The transition to sustainable heating systems (e.g. district heating systems, heat pumps, solar thermal systems, in combination with thermal insulation) is an essential element of an effective response to climate change. But it requires more than technological innovation alone. It entails a system-wide transition that covers both technical and social components, and addresses the supply, distribution, and demand sides of local energy systems.  Heating is a fundamental aspect of the human need for shelter in our climates, and therefore a significant social, cultural, economic, and psychological phenomenon as much as technological.  Heating reaches far into people’s homes and private lives, not just workplaces or leisure contexts,
involving everyday habits and negotiations between building occupants and family members. Heat is a cultural service that cannot only be seen through the lens of economic efficiencies and return on investments. Providing heat is a key aspect of social life (e.g. entertaining guests) and seasonal cultural practices (e.g. wintertime cosiness). In the transition to sustainable heating, homeowners and local communities therefore form essential parts of the system. Their contribution to this transition by deciding to adopt sustainable heating technology for their homes and buildings is key to making it happen and co-creation provides spaces for citizens to share what heating means to them and for stakeholders to build these insights into their programmes for change.

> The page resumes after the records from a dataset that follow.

(* For $(\varphi,\xi,\theta)$ let $C_\theta=\cos\theta\,(|\uparrow\rangle\langle\uparrow|+|\downarrow\rangle\langle\downarrow|)+\sin\theta\,(|\uparrow\rangle\langle\downarrow|-|\downarrow\rangle\langle\uparrow|)$ and $\gamma_{\varphi,\xi}=\cos\varphi\,|\uparrow\rangle+\sin\varphi\,e^{i\xi}|\downarrow\rangle$. Let $$S=\{(\varphi,0,\theta):\theta\in(0,\pi/2),\ \varphi\in[\theta/2,\ \pi/4+\theta/2]\}\ \cup\ \{(\varphi,\pi,\theta):\theta\in(0,\pi/2),\ \varphi\in(\pi/4-\theta/2,\ (\pi-\theta)/2]\}.$$ Then: (i) for every coin setup $(C,\gamma)$ with $C$ a non-trivial coin there is $(\varphi,\xi,\theta)\in S$ with $(C,\gamma)\sim_l(C_\theta,\gamma_{\varphi,\xi})$; (ii) if $s,s'\in S$ give asymptotically distributionally equivalent setups $(C_\theta,\gamma_{\varphi,\xi})\sim_l(C_{\theta'},\gamma_{\varphi',\xi'})$, then $s=s'$. Thus $(\varphi,\xi,\theta)\mapsto(C_\theta,\gamma_{\varphi,\xi})$ is a bijection from $S$ onto the asymptotic distributional equivalence classes of coin setups with non-trivial coins.
   Context: Let $\mathcal{H}=\ell^2(\mathbb{Z})\otimes\mathbb{C}^2$, with position basis $\{|j\rangle: j\in\mathbb{Z}\}$ and coin basis $\{|\uparrow\rangle,|\downarrow\rangle\}$. A (quantum) coin is any $C\in U(2)$, written $C=a|\uparrow\rangle\langle\uparrow|+b|\uparrow\rangle\langle\downarrow|+c|\downarrow\rangle\langle\uparrow|+d|\downarrow\rangle\langle\downarrow|$; it is trivial iff $abcd=0$ and non-trivial otherwise. The walk operator is $W(C)=T(\mathbb{1}\otimes C)$ with $T=\sum_{j}|j+1\rangle\langle j|\otimes|\uparrow\rangle\langle\uparrow|+\sum_{j}|j-1\rangle\langle j|\otimes|\downarrow\rangle\langle\downarrow|$. A coin setup is a pair $(C,\gamma)$, $C\in U(2)$, $\gamma=\alpha|\uparrow\rangle+\beta|\downarrow\rangle$ a unit vector; $p_{(C,\gamma)}(j,n)=\langle\psi_n|(|j\rangle\langle j|\otimes\mathbb{1})|\psi_n\rangle$ with $\psi_n=W(C)^n(|0\rangle\otimes\gamma)$. For a setup $\mathcal{C}$ let $X_n$ be a $\mathbb{Z}$-valued random variable with law $p_{\mathcal{C}}(\cdot,n)$. Known fact (Konno): if $C$ is non-trivial, $X_n/n$ converges in distribution to the law with density $f_{\mathcal{C}}(x)=\dfrac{\sqrt{1-|a|^2}\,(1-\lambda_{\mathcal{C}}x)}{\pi(1-x^2)\sqrt{|a|^2-x^2}}$ for $x\in(-|a|,|a|)$ and $0$ elsewhere, where $\lambda_{\mathcal{C}}=|\alpha|^2-|\beta|^2+\dfrac{a\alpha\overline{b\beta}+\overline{a\alpha}b\beta}{|a|^2}$. Two setups $\mathcal{C}_1,\mathcal{C}_2$ with non-trivial coins are asymptotically distributionally equivalent, $\mathcal{C}_1\sim_l\mathcal{C}_2$, iff $f_{\mathcal{C}_1}=f_{\mathcal{C}_2}$. *)

theory Defs
  imports Complex_Main
begin

(* A coin C = a|u><u| + b|u><d| + c|d><u| + d|d><d| is represented by its four
  matrix entries (a,b,c,d); a coin state gamma = alpha|u> + beta|d> by (alpha,beta). *)

type_synonym coin = "complex \<times> complex \<times> complex \<times> complex"
type_synonym cstate = "complex \<times> complex"
type_synonym csetup = "coin \<times> cstate"

definition is_coin :: "coin \<Rightarrow> bool" where
  "is_coin C = (case C of (a,b,c,d) \<Rightarrow>
      cnj a * a + cnj c * c = 1 \<and> cnj b * b + cnj d * d = 1 \<and> cnj a * b + cnj c * d = 0)"

definition nontrivial_coin :: "coin \<Rightarrow> bool" where
  "nontrivial_coin C = (case C of (a,b,c,d) \<Rightarrow> a * b * c * d \<noteq> 0)"

definition unit_state :: "cstate \<Rightarrow> bool" where
  "unit_state g = (case g of (\<alpha>,\<beta>) \<Rightarrow> (cmod \<alpha>)\<^sup>2 + (cmod \<beta>)\<^sup>2 = 1)"

(* lambda_C; the numerator a alpha conj(b beta) + conj(a alpha) b beta is real,
  we take its real part. *)
definition lam :: "csetup \<Rightarrow> real" where
  "lam S = (case S of ((a,b,c,d),(\<alpha>,\<beta>)) \<Rightarrow>
      (cmod \<alpha>)\<^sup>2 - (cmod \<beta>)\<^sup>2
      + Re (a * \<alpha> * cnj (b * \<beta>) + cnj (a * \<alpha>) * b * \<beta>) / (cmod a)\<^sup>2)"

definition limit_density :: "csetup \<Rightarrow> real \<Rightarrow> real" where
  "limit_density S x = (case S of ((a,b,c,d),g) \<Rightarrow>
      if - cmod a < x \<and> x < cmod a then
        sqrt (1 - (cmod a)\<^sup>2) * (1 - lam S * x) /
          (pi * (1 - x\<^sup>2) * sqrt ((cmod a)\<^sup>2 - x\<^sup>2))
      else 0)"

definition asym_equiv :: "csetup \<Rightarrow> csetup \<Rightarrow> bool" where
  "asym_equiv S1 S2 = (limit_density S1 = limit_density S2)"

However, residents and home/building owners are generally considered hard to reach and persuade to make investments, and to let go of currently unsustainable heating systems and adopt those that are more sustainable.  This matter is challenging for a myriad of reasons and cost is but one of them.  Despite the urgency to lower carbon emissions there is currently a limited market demand for sustainable heating solutions, particularly among building/homeowners in (existing) dense urban areas. Given the urgency of climate change and pressing socioeconomic issues there is a need to develop, implement and test incentives that target home/building owners to make investments. One promising solution is co-creation with citizens and local stakeholders.

This report clarifies the different meanings for key terms used in co-creation by taking stock of the growing vocabulary used in different approaches to public participation: by defining and comparing different terms and how they have been used. The report describes the challenges, as well as the benefits, of co-creation as well as the importance of managing expectations, power relationships, and sharing responsibility.

Co-creation is an intervention which actively involves citizens and stakeholders in making decisions about issues that affect them. The benefits of co-creation, when done well, include helping to deliver sustainable heating solutions in a timely and efficient way, increasing a sense of empowerment and citizenship as well as contributing to building trust between stakeholders and urban communities.  Through the process citizens and stakeholders share power and responsibility with a view to improving the social legitimacy of decision-making. This means working together in equal, reciprocal and caring relationships to create a more holistic understanding of context and exploring shared responsibilities for energy transitions.